(AIM OF THE EXERCISE): The answer is every line of the records that holds the word "shows", copied in full.

(ENTRIES SUPPLIED):
------------------------------------------------------------------------
lemma nn_integral_convolution_sq:
  assumes "in_L2 f1" "in_L2 f2"
  shows "(\<integral>\<^sup>+x. \<integral>\<^sup>+y. ennreal ((cmod (f1 y))\<^sup>2) * ennreal ((cmod (f2 (x - y)))\<^sup>2) \<partial>M3 \<partial>M3)
    = ennreal ((L2norm f1)\<^sup>2) * ennreal ((L2norm f2)\<^sup>2)"
proof -
  have [measurable]: "f1 \<in> borel_measurable M3" "f2 \<in> borel_measurable M3"
    using assms unfolding in_L2_def by auto
  have "(\<integral>\<^sup>+x. \<integral>\<^sup>+y. ennreal ((cmod (f1 y))\<^sup>2) * ennreal ((cmod (f2 (x - y)))\<^sup>2) \<partial>M3 \<partial>M3)
      = (\<integral>\<^sup>+y. ennreal ((cmod (f1 y))\<^sup>2) * (\<integral>\<^sup>+x. ennreal ((cmod (f2 (x - y)))\<^sup>2) \<partial>M3) \<partial>M3)"
    by (subst pair_sigma_finite.Fubini'[OF pair_sigma_finite_M3])
      (simp_all add: nn_integral_cmult)
  also have "\<dots> = (\<integral>\<^sup>+y. ennreal ((cmod (f1 y))\<^sup>2) * ennreal ((L2norm f2)\<^sup>2) \<partial>M3)"
    by (simp add: nn_integral_M3_translate[where g="\<lambda>x. ennreal ((cmod (f2 x))\<^sup>2)"]
        nn_integral_norm_sq[OF assms(2)])
  also have "\<dots> = ennreal ((L2norm f1)\<^sup>2) * ennreal ((L2norm f2)\<^sup>2)"
    by (simp add: nn_integral_multc nn_integral_norm_sq[OF assms(1)])
  finally show ?thesis .
qed

lemma nn_integral_norm_conv3_sq_le:
  assumes "in_L2 f1" "in_L2 f2" and "supp3 f1 \<subseteq> E1" "supp3 f2 \<subseteq> E2"
    and "E1 \<in> sets M3" "E2 \<in> sets M3" and "B \<ge> 0"
    and measure_le: "\<And>x. emeasure M3 {y \<in> E1. x - y \<in> E2} \<le> ennreal B"
  shows "(\<integral>\<^sup>+x. ennreal ((cmod (conv3 f1 f2 x))\<^sup>2) \<partial>M3) \<le> ennreal (B * (L2norm f1)\<^sup>2 * (L2norm f2)\<^sup>2)"
proof -
  have [measurable]: "f1 \<in> borel_measurable M3" "f2 \<in> borel_measurable M3"
    using assms(1,2) unfolding in_L2_def by auto
  define H where "H x = (\<integral>\<^sup>+y. ennreal ((cmod (f1 y))\<^sup>2) * ennreal ((cmod (f2 (x - y)))\<^sup>2) \<partial>M3)" for x
  have H_meas: "H \<in> borel_measurable M3"
    unfolding H_def
    by (rule sigma_finite_measure.borel_measurable_nn_integral[OF sigma_finite_measure_M3,
          unfolded split_beta']) measurable
  have "ennreal ((cmod (conv3 f1 f2 x))\<^sup>2) \<le> ennreal B * H x" for x
  proof -
    have "ennreal ((cmod (conv3 f1 f2 x))\<^sup>2) \<le> emeasure M3 {y \<in> E1. x - y \<in> E2} * H x"
      unfolding H_def by (rule norm_conv3_sq_le) (use assms(3-6) in auto)
    also have "\<dots> \<le> ennreal B * H x"
      by (rule mult_right_mono[OF measure_le]) simp
    finally show ?thesis .
  qed
  then have "(\<integral>\<^sup>+x. ennreal ((cmod (conv3 f1 f2 x))\<^sup>2) \<partial>M3) \<le> (\<integral>\<^sup>+x. ennreal B * H x \<partial>M3)"
    by (rule nn_integral_mono)
  also have "\<dots> = ennreal B * integral\<^sup>N M3 H"
    by (rule nn_integral_cmult[OF H_meas])
  also have "integral\<^sup>N M3 H = ennreal ((L2norm f1)\<^sup>2) * ennreal ((L2norm f2)\<^sup>2)"
    unfolding H_def by (rule nn_integral_convolution_sq[OF assms(1,2)])
  also have "ennreal B * (ennreal ((L2norm f1)\<^sup>2) * ennreal ((L2norm f2)\<^sup>2))
      = ennreal (B * (L2norm f1)\<^sup>2 * (L2norm f2)\<^sup>2)"
    using \<open>B \<ge> 0\<close> by (simp add: ennreal_mult mult.assoc)
  finally show ?thesis .
qed

lemma L2norm_conv3_le:
  assumes "in_L2 f1" "in_L2 f2" and "supp3 f1 \<subseteq> E1" "supp3 f2 \<subseteq> E2"
    and "E1 \<in> sets M3" "E2 \<in> sets M3" and "B \<ge> 0"
    and "\<And>x. emeasure M3 {y \<in> E1. x - y \<in> E2} \<le> ennreal B"
  shows "in_L2 (conv3 f1 f2) \<and> L2norm (conv3 f1 f2) \<le> sqrt B * L2norm f1 * L2norm f2"
proof -
  have [measurable]: "f1 \<in> borel_measurable M3" "f2 \<in> borel_measurable M3"
    using assms(1,2) unfolding in_L2_def by auto
  have conv_meas: "conv3 f1 f2 \<in> borel_measurable M3"
    unfolding conv3_eq_integral[abs_def]
    by (rule sigma_finite_measure.borel_measurable_lebesgue_integral[OF sigma_finite_measure_M3,
          unfolded split_beta']) measurable
  note bound = nn_integral_norm_conv3_sq_le[OF assms]
  have L2: "in_L2 (conv3 f1 f2)"
    unfolding in_L2_def
  proof (intro conjI conv_meas integrableI_bounded)
    show "(\<integral>\<^sup>+x. ennreal (norm ((cmod (conv3 f1 f2 x))\<^sup>2)) \<partial>M3) < \<infinity>"
      using le_less_trans[OF bound ennreal_less_top] by simp
  qed (use conv_meas in measurable)
  then have "(L2norm (conv3 f1 f2))\<^sup>2 \<le> B * (L2norm f1)\<^sup>2 * (L2norm f2)\<^sup>2"
    using bound \<open>B \<ge> 0\<close> by (simp add: nn_integral_norm_sq)
  then have "L2norm (conv3 f1 f2) \<le> sqrt (B * (L2norm f1)\<^sup>2 * (L2norm f2)\<^sup>2)"
    by (rule real_le_rsqrt)
  with L2 show ?thesis
    by (simp add: real_sqrt_mult L2norm_nonneg)
qed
------------------------------------------------------------------------
(RESULT BELOW):
  shows "(\<integral>\<^sup>+x. \<integral>\<^sup>+y. ennreal ((cmod (f1 y))\<^sup>2) * ennreal ((cmod (f2 (x - y)))\<^sup>2) \<partial>M3 \<partial>M3)
  shows "(\<integral>\<^sup>+x. ennreal ((cmod (conv3 f1 f2 x))\<^sup>2) \<partial>M3) \<le> ennreal (B * (L2norm f1)\<^sup>2 * (L2norm f2)\<^sup>2)"
  shows "in_L2 (conv3 f1 f2) \<and> L2norm (conv3 f1 f2) \<le> sqrt B * L2norm f1 * L2norm f2"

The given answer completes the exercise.